» **YOUR GOAL**: Your answer needs to include each line of the records in which the string "inverse" can be found.

» **INFORMATION GIVEN**:
(* Suppose $F\in\mathcal N$ is $n$ times renormalizable, and for $k=0,1,\dots,n$ let $F_k=R^kF$ and $\boldsymbol\delta_k=\pi_{\mathbf z}\circ F_k$. Then for $k=1,\dots,n$: $X_k(w)=X_{k-1}\circ\psi^k_c(w)-\mathbf q_{k-1}(\sigma_{k-1}x)$, $Y_k(w)=Z_{k-1}\circ\psi^k_c(w)\cdot\big[Y_{k-1}\circ\psi^k_v(w)+Z_{k-1}\circ\psi^k_v(w)\cdot\mathbf q_{k-1}(\sigma_{k-1}y)\big]$, $Z_k(w)=Z_{k-1}\circ\psi^k_c(w)\cdot Z_{k-1}\circ\psi^k_v(w)$.
   Context: Fix an integer $m\ge 1$ and a hypercube $B\subset\mathbb R^{m+2}$; points are $w=(x,y,\mathbf z)$, $\mathbf z=(z_1,\dots,z_m)$. An $(m+2)$-dimensional Hénon-like map is an analytic orientation-preserving map $F(x,y,\mathbf z)=(f(x)-\varepsilon(x,y,\mathbf z),\,x,\,\boldsymbol\delta(x,y,\mathbf z))$ on $B$ with $f$ unimodal, $\boldsymbol\delta=(\delta^1,\dots,\delta^m)$, $\|\varepsilon\|,\|\boldsymbol\delta\|\le C\bar\varepsilon$ for small $\bar\varepsilon>0$. Its renormalization is $RF=\Lambda\circ H\circ F^2\circ H^{-1}\circ\Lambda^{-1}$ where $H(x,y,\mathbf z)=(f(x)-\varepsilon(x,y,\mathbf z),\,y,\,\mathbf z-\boldsymbol\delta(y,f^{-1}(y),\mathbf 0))$ and $\Lambda^{-1}(w)=\sigma_0w$ is a dilation by a suitable constant. For the $k$-th renormalization $F_k(w)=(f_k(x)-\varepsilon_k(w),x,\boldsymbol\delta_k(w))$ with $H_k$, dilation $\Lambda_k^{-1}(w)=\sigma_kw$, set $\psi^{k+1}_v=H_k^{-1}\circ\Lambda_k^{-1}$ and $\psi^{k+1}_c=F_k\circ\psi^{k+1}_v$. Notation: $X_k=(\partial_x\delta^1_k,\dots,\partial_x\delta^m_k)^T$, $Y_k=(\partial_y\delta^1_k,\dots,\partial_y\delta^m_k)^T$, $Z_k$ the $m\times m$ matrix with $(j,i)$ entry $\partial_{z_i}\delta^j_k$ (and $X=X_0$, $Y=Y_0$, $Z=Z_0$); $\mathbf q_k(y)=\frac{d}{dy}\boldsymbol\delta_k(y,f_k^{-1}(y),\mathbf 0)$ (column vector). $\mathcal N$ is the set of renormalizable $(m+2)$-dimensional Hénon-like maps $F$ with $Y\circ F(w)+Z\circ F(w)\cdot X(w)=\mathbf 0$ for all $w\in\psi^1_c(B)\cup\psi^1_v(B)$. *)

theory Defs
  imports "HOL-Analysis.Analysis"
begin

text \<open>Points of R^(m+2) are triples (x, y, z) with z a vector indexed by the finite type 'm
  (so m = CARD('m) >= 1).\<close>

type_synonym 'm pt = "real \<times> real \<times> (real ^ 'm)"

definition hypercube :: "'m::finite pt set \<Rightarrow> bool" where
  "hypercube B \<longleftrightarrow> (\<exists>c r. 0 < r \<and> B = cbox (c - r *\<^sub>R One) (c + r *\<^sub>R One))"

definition henon :: "(real \<Rightarrow> real) \<Rightarrow> ('m::finite pt \<Rightarrow> real) \<Rightarrow> ('m pt \<Rightarrow> real ^ 'm)
    \<Rightarrow> 'm pt \<Rightarrow> 'm pt" where
  "henon f eps dl = (\<lambda>(x, y, z). (f x - eps (x, y, z), x, dl (x, y, z)))"

definition Hmap :: "(real \<Rightarrow> real) \<Rightarrow> ('m::finite pt \<Rightarrow> real) \<Rightarrow> ('m pt \<Rightarrow> real ^ 'm)
    \<Rightarrow> (real \<Rightarrow> real) \<Rightarrow> 'm pt \<Rightarrow> 'm pt" where
  "Hmap f eps dl finv = (\<lambda>(x, y, z). (f x - eps (x, y, z), y, z - dl (y, finv y, 0)))"

text \<open>psi_v = H^{-1} o Lambda^{-1}, Lambda^{-1} w = s w;  psi_c = F o psi_v.\<close>
definition psi_v :: "('m::finite pt \<Rightarrow> 'm pt) \<Rightarrow> real \<Rightarrow> 'm pt \<Rightarrow> 'm pt" where
  "psi_v Hinv s = (\<lambda>w. Hinv (s *\<^sub>R w))"

definition psi_c :: "('m::finite pt \<Rightarrow> 'm pt) \<Rightarrow> ('m pt \<Rightarrow> 'm pt) \<Rightarrow> real \<Rightarrow> 'm pt \<Rightarrow> 'm pt" where
  "psi_c F Hinv s = F \<circ> psi_v Hinv s"

definition Xd :: "('m::finite pt \<Rightarrow> real ^ 'm) \<Rightarrow> 'm pt \<Rightarrow> real ^ 'm" where
  "Xd dl = (\<lambda>(x, y, z). vector_derivative (\<lambda>t. dl (t, y, z)) (at x))"

definition Yd :: "('m::finite pt \<Rightarrow> real ^ 'm) \<Rightarrow> 'm pt \<Rightarrow> real ^ 'm" where
  "Yd dl = (\<lambda>(x, y, z). vector_derivative (\<lambda>t. dl (x, t, z)) (at y))"

text \<open>Zd dl w $ j $ i = partial derivative of delta^j with respect to z_i.\<close>
definition Zd :: "('m::finite pt \<Rightarrow> real ^ 'm) \<Rightarrow> 'm pt \<Rightarrow> real ^ 'm ^ 'm" where
  "Zd dl = (\<lambda>(x, y, z). \<chi> j i.
     vector_derivative (\<lambda>t. dl (x, y, \<chi> l. if l = i then t else z $ l)) (at (z $ i)) $ j)"

definition qd :: "('m::finite pt \<Rightarrow> real ^ 'm) \<Rightarrow> (real \<Rightarrow> real) \<Rightarrow> real \<Rightarrow> real ^ 'm" where
  "qd dl finv t0 = vector_derivative (\<lambda>t. dl (t, finv t, 0)) (at t0)"

text \<open>One renormalization step: F' = R F = Lambda o H o F^2 o H^{-1} o Lambda^{-1},
  with Lambda^{-1} w = s w, H^{-1} (here Hinv) the inverse of H between a domain D and
  a neighbourhood of s B, and psi_v(B), psi_c(B) contained in B.\<close>
definition renorm_step ::
  "'m::finite pt set \<Rightarrow> ('m::finite pt \<Rightarrow> 'm pt) \<Rightarrow> ('m pt \<Rightarrow> 'm pt) \<Rightarrow> ('m pt \<Rightarrow> 'm pt) \<Rightarrow> real
     \<Rightarrow> ('m::finite pt \<Rightarrow> 'm pt) \<Rightarrow> bool" where
  "renorm_step B F H Hinv s F' \<longleftrightarrow>
     s \<noteq> 0 \<and>
     (\<exists>U D. open U \<and> B \<subseteq> U \<and>
        (\<forall>w\<in>U. Hinv (s *\<^sub>R w) \<in> D \<and> H (Hinv (s *\<^sub>R w)) = s *\<^sub>R w
                 \<and> Hinv differentiable (at (s *\<^sub>R w))) \<and>
        (\<forall>v\<in>D. Hinv (H v) = v) \<and>
        (\<forall>w\<in>U. F (F (Hinv (s *\<^sub>R w))) \<in> D \<and>
                 F' w = (1 / s) *\<^sub>R H (F (F (Hinv (s *\<^sub>R w)))))) \<and>
     psi_v Hinv s ` B \<subseteq> B \<and> psi_c F Hinv s ` B \<subseteq> B"

text \<open>The sequence F_k = henon (f k) (eps k) (dl k), k = 0..n, of renormalizations of F_0,
  with inverse branches finv k of f k, dilation constants sg k and inverses Hinv k of H_k.\<close>
definition renormalizable_n ::
  "'m::finite pt set \<Rightarrow> nat \<Rightarrow> (nat \<Rightarrow> real \<Rightarrow> real) \<Rightarrow> (nat \<Rightarrow> 'm pt \<Rightarrow> real)
     \<Rightarrow> (nat \<Rightarrow> 'm pt \<Rightarrow> real ^ 'm) \<Rightarrow> (nat \<Rightarrow> real \<Rightarrow> real) \<Rightarrow> (nat \<Rightarrow> real)
     \<Rightarrow> (nat \<Rightarrow> 'm pt \<Rightarrow> 'm pt) \<Rightarrow> bool" where
  "renormalizable_n B n f eps dl finv sg Hinv \<longleftrightarrow>
     (\<forall>k\<le>n. (\<forall>t. f k differentiable (at t)) \<and> (\<forall>w. eps k differentiable (at w))
             \<and> (\<forall>w. dl k differentiable (at w))) \<and>
     (\<forall>k<n.
        (\<forall>x y z. (x, y, z) \<in> B \<longrightarrow>
           (\<forall>t\<in>{sg k * x, sg k * y}.
              f k (finv k t) = t \<and> finv k differentiable (at t))) \<and>
        renorm_step B (henon (f k) (eps k) (dl k)) (Hmap (f k) (eps k) (dl k) (finv k))
          (Hinv k) (sg k) (henon (f (Suc k)) (eps (Suc k)) (dl (Suc k))))"

definition in_N ::
  "'m::finite pt set \<Rightarrow> (real \<Rightarrow> real) \<Rightarrow> ('m::finite pt \<Rightarrow> real) \<Rightarrow> ('m pt \<Rightarrow> real ^ 'm)
     \<Rightarrow> (real \<Rightarrow> real) \<Rightarrow> real \<Rightarrow> ('m::finite pt \<Rightarrow> 'm pt) \<Rightarrow> ('m pt \<Rightarrow> 'm pt) \<Rightarrow> bool" where
  "in_N B f eps dl finv s Hinv F1 \<longleftrightarrow>
     (\<forall>x y z. (x, y, z) \<in> B \<longrightarrow>
        (\<forall>t\<in>{s * x, s * y}. f (finv t) = t \<and> finv differentiable (at t))) \<and>
     renorm_step B (henon f eps dl) (Hmap f eps dl finv) Hinv s F1 \<and>
     (\<forall>w \<in> psi_c (henon f eps dl) Hinv s ` B \<union> psi_v Hinv s ` B.
        Yd dl (henon f eps dl w) + Zd dl (henon f eps dl w) *v Xd dl w = 0)"

end

theory Submission
  imports Defs
begin

text \<open>Write \<open>\<Lambda>\<^sup>-\<^sup>1 w = s w\<close>. Solving \<open>H v = s w\<close> determines every coordinate of
  \<open>v = H\<^sup>-\<^sup>1(s w)\<close> except the first one, \<open>A w\<close>, and then
  \<open>\<delta>'(w) = s\<^sup>-\<^sup>1 (\<delta>(F(v)) - \<delta>(s x, f\<^sup>-\<^sup>1(s x), 0))\<close> with \<open>F(v) = (s x, A w, \<delta>(v))\<close>.
  Differentiating by the chain rule, the unknown derivative of \<open>A\<close> enters each partial
  derivative of \<open>\<delta>'\<close> only through the factor \<open>Y(F v) + Z(F v) X(v)\<close>, which vanishes for
  maps in \<open>\<N>\<close>; what remains are the stated recursions. The vanishing propagates to every
  renormalization: the recursions and \<open>\<psi>\<^sub>v \<circ> F' = F \<circ> \<psi>\<^sub>c\<close> turn
  \<open>Y'(F' w) + Z'(F' w) X'(w)\<close> into \<open>Z(\<psi>\<^sub>c(F' w))\<close> applied to the same expression for \<open>F\<close>
  at \<open>\<psi>\<^sub>c w\<close>.\<close>

section \<open>Partial derivatives and the Frechet derivative\<close>

lemma vector_derivative_chain_line:
  assumes "(d has_derivative L) (at (c t0))"
    and "(c has_derivative (\<lambda>h. h *\<^sub>R e)) (at t0)"
  shows "vector_derivative (\<lambda>t. d (c t)) (at t0) = L e"
proof -
  have "(d \<circ> c has_derivative L \<circ> (\<lambda>h. h *\<^sub>R e)) (at t0)"
    by (rule diff_chain_at[OF assms(2,1)])
  moreover have "L \<circ> (\<lambda>h. h *\<^sub>R e) = (\<lambda>h. h *\<^sub>R L e)"
    using has_derivative_linear[OF assms(1)] by (auto simp: linear_scale)
  ultimately have "((\<lambda>t. d (c t)) has_vector_derivative L e) (at t0)"
    by (simp add: has_vector_derivative_def o_def)
  thus ?thesis by (rule vector_derivative_at)
qed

» **WORKED SOLUTION**:
  with Lambda^{-1} w = s w, H^{-1} (here Hinv) the inverse of H between a domain D and
  with inverse branches finv k of f k, dilation constants sg k and inverses Hinv k of H_k.\<close>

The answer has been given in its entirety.